A Real Fix for Family Homelessness
Can Your Community Follow the Lead of a Georgia Program?
On a recent afternoon in eviction court, we met Melissa (not her real name). Her path to this court hearing began when her car’s alternator went out the month before. Melissa needs that car to get to her food-service job and to bring her two young kids to childcare. Paying for the repair was a must.
But the cost left Melissa without rent money, not to mention the late fees and court fees that were tacked on once she was late.
By the time her court date came around, Melissa had resigned herself to the fact that she could not catch up on that rent and fees. So she agreed to what is called a “voluntary vacate”: she promised to move out within the next two weeks, which would prevent a constable from knocking on the door and throwing the family out.
Melissa had been through this before, so she knew what would happen next. Soon, she and the kids would be loading as many belongings as would fit in the car and drive to an extended-stay hotel located just off the interstate. The hotel is somewhat battered and the kids are scared of the parking lot activity at night. But the hotel doesn’t require a deposit and it doesn’t check rental history, barriers that are keeping Melissa and her kids from renting a new home.
Even lower-quality hotel rooms are expensive. One study of families living in extended-stay hotels showed they were spending on average 77% of their income on rent. That cost means that, every few nights when the money runs low, Melissa and the kids have to check out from the hotel. On those nights, they will sleep in their car. The car’s status as a last-ditch sleeping space is another reason why Melissa could not abandon it when it broke down.
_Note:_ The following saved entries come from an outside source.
lemma expected_spin_prod:
  assumes S: "S \<subseteq> V" "even (card S)"
  shows "(\<Sum>\<sigma>\<in>states V. state_prob E w \<sigma> * (\<Prod>x\<in>S. spin (\<sigma> x))) = spin_correlation E r w S"
proof -
  define z :: "'v set \<Rightarrow> real" where "z e = (-1) ^ card (S \<inter> far_side E r e)" for e
  have "(\<Sum>F\<in>Pow E. state_prob E w (assemble V E r b F) * (\<Prod>x\<in>S. spin (assemble V E r b F x)))
      = 1/2 * spin_correlation E r w S" for b
  proof -
    have "(\<Sum>F\<in>Pow E. state_prob E w (assemble V E r b F) * (\<Prod>x\<in>S. spin (assemble V E r b F x)))
        = (\<Sum>F\<in>Pow E. 1/2 * ((\<Prod>e\<in>F. flip_prob w e * z e) * (\<Prod>e\<in>E - F. 1 - flip_prob w e)))"
    proof (rule sum.cong[OF refl])
      fix F assume "F \<in> Pow E"
      then have F: "F \<subseteq> E" by simp
      have "(\<Prod>e\<in>E. if e \<in> F then flip_prob w e else 1 - flip_prob w e)
          = (\<Prod>e\<in>E - F. 1 - flip_prob w e) * (\<Prod>e\<in>F. flip_prob w e)"
        by (subst prod.subset_diff[OF F finite_E]) simp
      then show "state_prob E w (assemble V E r b F) * (\<Prod>x\<in>S. spin (assemble V E r b F x))
          = 1/2 * ((\<Prod>e\<in>F. flip_prob w e * z e) * (\<Prod>e\<in>E - F. 1 - flip_prob w e))"
        by (simp add: state_prob_assemble[OF F] spin_prod_assemble[OF F S] prod.distrib
            flip: z_def)
    qed
    also have "\<dots> = 1/2 * (\<Prod>e\<in>E. flip_prob w e * z e + (1 - flip_prob w e))"
      by (simp add: prod_add[OF finite_E] sum_distrib_left)
    also have "(\<Prod>e\<in>E. flip_prob w e * z e + (1 - flip_prob w e)) = spin_correlation E r w S"
      unfolding spin_correlation_def
      by (rule prod.cong[OF refl]) (simp add: z_def flip_prob_def field_simps)
    finally show ?thesis .
  qed
  note half = this
  show ?thesis
    unfolding sum_states_eq UNIV_bool using half[of False] half[of True] by simp
qed

lemma split_prob_eq:
  assumes A: "A \<subseteq> V" "A \<noteq> {}"
  shows "split_prob V E w A = 1 - (\<Sum>B\<in>even_Pow A. spin_correlation E r w B) / 2 ^ (card A - 1)"
proof -
  have finA: "finite A" using finite_subset[OF A(1) finite_V] .
  have fin: "finite (states V)" by (rule finite_states[OF finite_V])
  define P where "P = state_prob E w"
  define N :: real where "N = 2 ^ (card A - 1)"
  define nonconst :: "('v \<Rightarrow> bool) \<Rightarrow> bool"
    where "nonconst \<sigma> \<longleftrightarrow> (\<exists>a\<in>A. \<exists>b\<in>A. \<sigma> a \<noteq> \<sigma> b)" for \<sigma>
  have total: "(\<Sum>\<sigma>\<in>states V. P \<sigma>) = 1"
    using expected_spin_prod[of "{}" w] unfolding P_def spin_correlation_empty by simp
  have "1 - of_bool c = (if c then 0 else N) / N" for c
    by (simp add: N_def)
  then have const: "1 - of_bool (nonconst \<sigma>) = (\<Sum>B\<in>even_Pow A. \<Prod>x\<in>B. spin (\<sigma> x)) / N" for \<sigma>
    unfolding sum_even_Pow_spin_prod[OF finA A(2)] N_def nonconst_def .
  have "(if c then p else 0) = p - p * (1 - of_bool c)" for c and p :: real
    by simp
  then have "split_prob V E w A = (\<Sum>\<sigma>\<in>states V. P \<sigma> - P \<sigma> * (1 - of_bool (nonconst \<sigma>)))"
    unfolding split_prob_def P_def sum.inter_filter[OF fin] nonconst_def[symmetric] by simp
  also have "\<dots> = 1 - (\<Sum>\<sigma>\<in>states V. \<Sum>B\<in>even_Pow A. P \<sigma> * (\<Prod>x\<in>B. spin (\<sigma> x))) / N"
    unfolding sum_subtractf total const by (simp add: sum_divide_distrib sum_distrib_left)
  also have "\<dots> = 1 - (\<Sum>B\<in>even_Pow A. \<Sum>\<sigma>\<in>states V. P \<sigma> * (\<Prod>x\<in>B. spin (\<sigma> x))) / N"
    by (subst sum.swap) (rule refl)
  also have "\<dots> = 1 - (\<Sum>B\<in>even_Pow A. spin_correlation E r w B) / N"
  proof -
    have "B \<subseteq> V" "even (card B)" if "B \<in> even_Pow A" for B
      using that A(1) by (auto simp: even_Pow_def)
    then show ?thesis unfolding P_def by (simp add: expected_spin_prod)
  qed
  finally show ?thesis by (simp add: N_def)
qed

lemma split_prob_eq_Gmat:
  assumes X: "X \<subseteq> V" and A: "A \<in> even_subsets X"
  shows "split_prob V E w A = (\<Sum>B\<in>even_subsets X. Gmat A B * (1 - spin_correlation E r w B))"
proof -
  have finX: "finite X" using finite_subset[OF X finite_V] .
  note A' = even_subsetsD[OF A finX]
  define N :: real where "N = 2 ^ (card A - 1)"
  have "N \<ge> 1" by (simp add: N_def)
  have "(\<Sum>B\<in>even_subsets A. 1 - spin_correlation E r w B)
      = real (card (even_subsets A)) - ((\<Sum>B\<in>even_Pow A. spin_correlation E r w B) - 1)"
    by (simp add: sum_subtractf sum_even_Pow[OF A'(1)] spin_correlation_empty)
  also have "real (card (even_subsets A)) = N - 1"
    by (simp add: card_even_subsets[OF A'(1,3)] N_def of_nat_diff)
  finally have "(\<Sum>B\<in>even_subsets X. Gmat A B * (1 - spin_correlation E r w B))
      = (N - (\<Sum>B\<in>even_Pow A. spin_correlation E r w B)) / N"
    by (simp add: sum_Gmat_row[OF finX A] N_def)
  also have "\<dots> = split_prob V E w A"
    using \<open>N \<ge> 1\<close> A'(2,3) X by (simp add: split_prob_eq N_def diff_divide_distrib)
  finally show ?thesis ..
qed

lemma Ginv_split_prob:
  assumes X: "X \<subseteq> V" and B: "B \<in> even_subsets X"
  shows "(\<Sum>C\<in>even_subsets X. Ginv B C * split_prob V E w C) = 1 - spin_correlation E r w B"
proof -
  have finX: "finite X" using finite_subset[OF X finite_V] .
  let ?q = "\<lambda>D. 1 - spin_correlation E r w D"
  have "(\<Sum>C\<in>even_subsets X. Ginv B C * split_prob V E w C)
      = (\<Sum>C\<in>even_subsets X. \<Sum>D\<in>even_subsets X. Ginv B C * Gmat C D * ?q D)"
    by (rule sum.cong[OF refl]) (simp add: split_prob_eq_Gmat[OF X] sum_distrib_left mult.assoc)
  also have "\<dots> = (\<Sum>D\<in>even_subsets X. (\<Sum>C\<in>even_subsets X. Ginv B C * Gmat C D) * ?q D)"
    by (subst sum.swap) (simp add: sum_distrib_right)
  also have "\<dots> = (\<Sum>D\<in>even_subsets X. (if B = D then 1 else 0) * ?q D)"
    by (rule sum.cong[OF refl]) (simp add: Ginv_Gmat_inverse[OF finX B])
  also have "\<dots> = ?q B"
    using B finite_even_subsets[OF finX] by (simp add: if_distrib[of "\<lambda>x. x * _"] cong: if_cong)
  finally show ?thesis .
qed

lemma tree_length_eq_Gmat_ln:
  assumes X: "X \<subseteq> V" and A: "A \<in> even_subsets X"
  shows "tree_length E w A =
    - (\<Sum>B\<in>even_subsets X. Gmat A B * ln (1 - (\<Sum>C\<in>even_subsets X. Ginv B C * split_prob V E w C)))"
proof -
  have finX: "finite X" using finite_subset[OF X finite_V] .
  let ?odd = "\<lambda>B e. of_bool (odd (card (B \<inter> far_side E r e))) :: real"
  have ln_eq: "ln (1 - (\<Sum>C\<in>even_subsets X. Ginv B C * split_prob V E w C)) = - 2 * (\<Sum>e\<in>E. w e * ?odd B e)"
    if "B \<in> even_subsets X" for B
    by (simp add: Ginv_split_prob[OF X that] ln_spin_correlation[OF finite_E] del: sum_mult_of_bool_eq)
  have "- (\<Sum>B\<in>even_subsets X. Gmat A B * ln (1 - (\<Sum>C\<in>even_subsets X. Ginv B C * split_prob V E w C)))
      = (\<Sum>B\<in>even_subsets X. \<Sum>e\<in>E. w e * (2 * (Gmat A B * ?odd B e)))"
    by (simp add: ln_eq sum_negf[symmetric] sum_distrib_left mult_ac del: sum_mult_of_bool_eq
        cong: sum.cong)
  also have "\<dots> = (\<Sum>e\<in>E. w e * (2 * (\<Sum>B\<in>even_subsets X. Gmat A B * ?odd B e)))"
    by (subst sum.swap) (simp add: sum_distrib_left del: sum_mult_of_bool_eq)
  also have "\<dots> = (\<Sum>e\<in>E. w e * of_bool (A \<inter> far_side E r e \<noteq> {} \<and> A - far_side E r e \<noteq> {}))"
    by (simp only: Gmat_odd_Int[OF finX A])
  also have "\<dots> = tree_length E w A"
    using even_subsetsD(2)[OF A finX] X by (simp only: tree_length_eq[symmetric] subset_trans)
  finally show ?thesis ..
qed

end

theorem theorem7:
  fixes V :: "'v set" and E :: "'v set set" and X :: "'v set" and w :: "'v set \<Rightarrow> real"
  assumes "phylo_tree V E X"
    and "\<forall>e\<in>E. w e \<ge> 0"
  shows "(\<forall>A\<in>even_subsets X. \<forall>C\<in>even_subsets X.
            (\<Sum>B\<in>even_subsets X. Gmat A B * Ginv B C) = (if A = C then 1 else 0))
       \<and> (\<forall>A\<in>even_subsets X. \<forall>C\<in>even_subsets X.
            (\<Sum>B\<in>even_subsets X. Ginv A B * Gmat B C) = (if A = C then 1 else 0))
       \<and> (\<forall>A\<in>even_subsets X. tree_length E w A =
            - (\<Sum>B\<in>even_subsets X. Gmat A B *
                 ln (1 - (\<Sum>C\<in>even_subsets X. Ginv B C * split_prob V E w C))))"
proof -
  have T: "is_tree V E" and X: "X \<subseteq> V" using assms(1) by (auto simp: phylo_tree_def)
  obtain r where r: "r \<in> V" using T by (auto simp: is_tree_def)
  interpret rooted_tree V E r by unfold_locales (fact T r)+
  have finX: "finite X" using finite_subset[OF X finite_V] .
  show ?thesis
  proof (intro conjI ballI)
    fix A C assume "A \<in> even_subsets X" "C \<in> even_subsets X"
    then show "(\<Sum>B\<in>even_subsets X. Gmat A B * Ginv B C) = (if A = C then 1 else 0)"
      and "(\<Sum>B\<in>even_subsets X. Ginv A B * Gmat B C) = (if A = C then 1 else 0)"
      by (rule Gmat_Ginv_inverse[OF finX], rule Ginv_Gmat_inverse[OF finX])
  next
    fix A assume "A \<in> even_subsets X"
    then show "tree_length E w A = - (\<Sum>B\<in>even_subsets X. Gmat A B *
        ln (1 - (\<Sum>C\<in>even_subsets X. Ginv B C * split_prob V E w C)))"
      by (rule tree_length_eq_Gmat_ln[OF X])
  qed
qed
Melissa’s story is as common as it is sad. Three of every four households like hers who are eligible for federal housing subsidies don’t receive it due to underfunding. Market-rate rents in our community and beyond are rising well beyond many working parents’ means. The result: children are the most common demographic of people facing eviction in the U.S.
Georgia State University Research Families Living In Extended-Stay Hotels
One Community is Doing Something About It
Family homelessness is rampant and deeply damaging to the kids affected. But, as we wrote here a few months ago (Out of Sight, Out of Mind: Unhoused Families are Being Ignored”), unhoused families are often uncounted and unserved by programs designed to address the crisis that is visible in encampments and people living on urban streets.
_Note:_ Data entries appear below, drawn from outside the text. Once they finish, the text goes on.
section \<open>Distance from a point to a hyperbolic line\<close>

lemma norm_shrink_towards_0:
  assumes "0 < R" "R < cmod c"
  shows "cmod (of_real (1 - R / cmod c) * c) = cmod c - R"
    and "cmod (of_real (1 - R / cmod c) * c - c) = R"
proof -
  have "0 < cmod c"
    using assms by linarith
  moreover have "0 \<le> 1 - R / cmod c"
    using assms \<open>0 < cmod c\<close> by (simp add: field_simps)
  ultimately show "cmod (of_real (1 - R / cmod c) * c) = cmod c - R"
    unfolding norm_mult norm_of_real by (simp add: left_diff_distrib)
  have shrink: "of_real (1 - R / cmod c) * c - c = - (of_real (R / cmod c) * c)"
    by (simp add: algebra_simps)
  show "cmod (of_real (1 - R / cmod c) * c - c) = R"
    unfolding shrink norm_minus_cancel norm_mult norm_of_real using \<open>0 < cmod c\<close> assms(1) by simp
qed

lemma hline_1_nearest_to_0:
  assumes "1 < cmod c"
  obtains w0 where "w0 \<in> hline 1 c" "sinh (hdist 0 w0) = 1 / hline_radius c"
    "\<And>w. w \<in> hline 1 c \<Longrightarrow> hdist 0 w0 \<le> hdist 0 w"
proof -
  define C R where "C = cmod c" and "R = hline_radius c"
  have R: "0 < R" "R\<^sup>2 = C\<^sup>2 - 1"
    using assms by (simp_all add: R_def C_def hline_radius_def)
  have "R < C"
    using R assms power2_less_imp_less[of R C] by (simp add: C_def)
  have "(C - 1)\<^sup>2 < R\<^sup>2"
    using R assms by (simp add: C_def power2_eq_square algebra_simps)
  then have "C - 1 < R"
    using R power2_less_imp_less[of "C - 1" R] by simp
  define w0 where "w0 = of_real (1 - R / C) * c"
  have w0: "cmod w0 = C - R" "cmod (w0 - c) = R"
    using norm_shrink_towards_0[OF R(1) \<open>R < C\<close>[unfolded C_def]] by (simp_all add: w0_def C_def)
  then have "w0 \<in> hline 1 c"
    using \<open>C - 1 < R\<close> assms by (simp add: hline_1_eq_circle R_def)
  moreover have "sinh (hdist 0 w0) = 1 / hline_radius c"
  proof -
    have den: "1 - (C - R)\<^sup>2 = 2 * R * (C - R)"
      using R by (simp add: power2_eq_square algebra_simps)
    have "2 * (C - R) / (1 - (C - R)\<^sup>2) = 1 / R"
      unfolding den using R(1) \<open>R < C\<close> by (simp add: field_simps)
    then show ?thesis
      using w0 \<open>C - 1 < R\<close> \<open>R < C\<close> by (simp add: sinh_hdist_0 R_def)
  qed
  moreover have "hdist 0 w0 \<le> hdist 0 w" if "w \<in> hline 1 c" for w
  proof -
    have "cmod w < 1" "cmod (w - c) = R"
      using that assms by (simp_all add: hline_1_eq_circle R_def)
    moreover have "C \<le> cmod (w - c) + cmod w"
      using norm_triangle_ineq[of "c - w" w] by (simp add: C_def norm_minus_commute)
    ultimately show ?thesis
      using w0(1) by (intro hdist_0_mono) simp_all
  qed
  ultimately show ?thesis
    by (rule that)
qed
Melissa and her kids are the hidden homeless. It sometimes seems no one cares about them.
Yet there are examples that provide hope. The latest is a brand-new program in DeKalb County in the Atlanta, Georgia metropolitan area.
In July, a unanimous vote by the DeKalb County Board of Commissioners approved $8 million for the community’s first-ever transitional housing program for low-income families. By Christmas, 60 families who had been living in extended-stay hotels moved into safe, spacious apartments with services that include case management and childcare resources.
“This project reflects our belief that housing is foundational,” DeKalb County CEO Lorraine Cochran-Johnson said. “When families have stability, children can thrive, parents can focus on work and wellness, and communities grow stronger.” The new program and the Georgia State University research that demonstrated its need were both led in part by Sue Sullivan, a longtime advocate for unhoused families.
Sullivan has been lifting up this crisis for a long time. “No one is talking about these families,” she told a reporter back in 2024.
They are now, at least in DeKalb County, Georgia. Even better, elected officials are taking tangible action to help families like Melissa’s.
That should be the case in every community across the country. Is it in yours?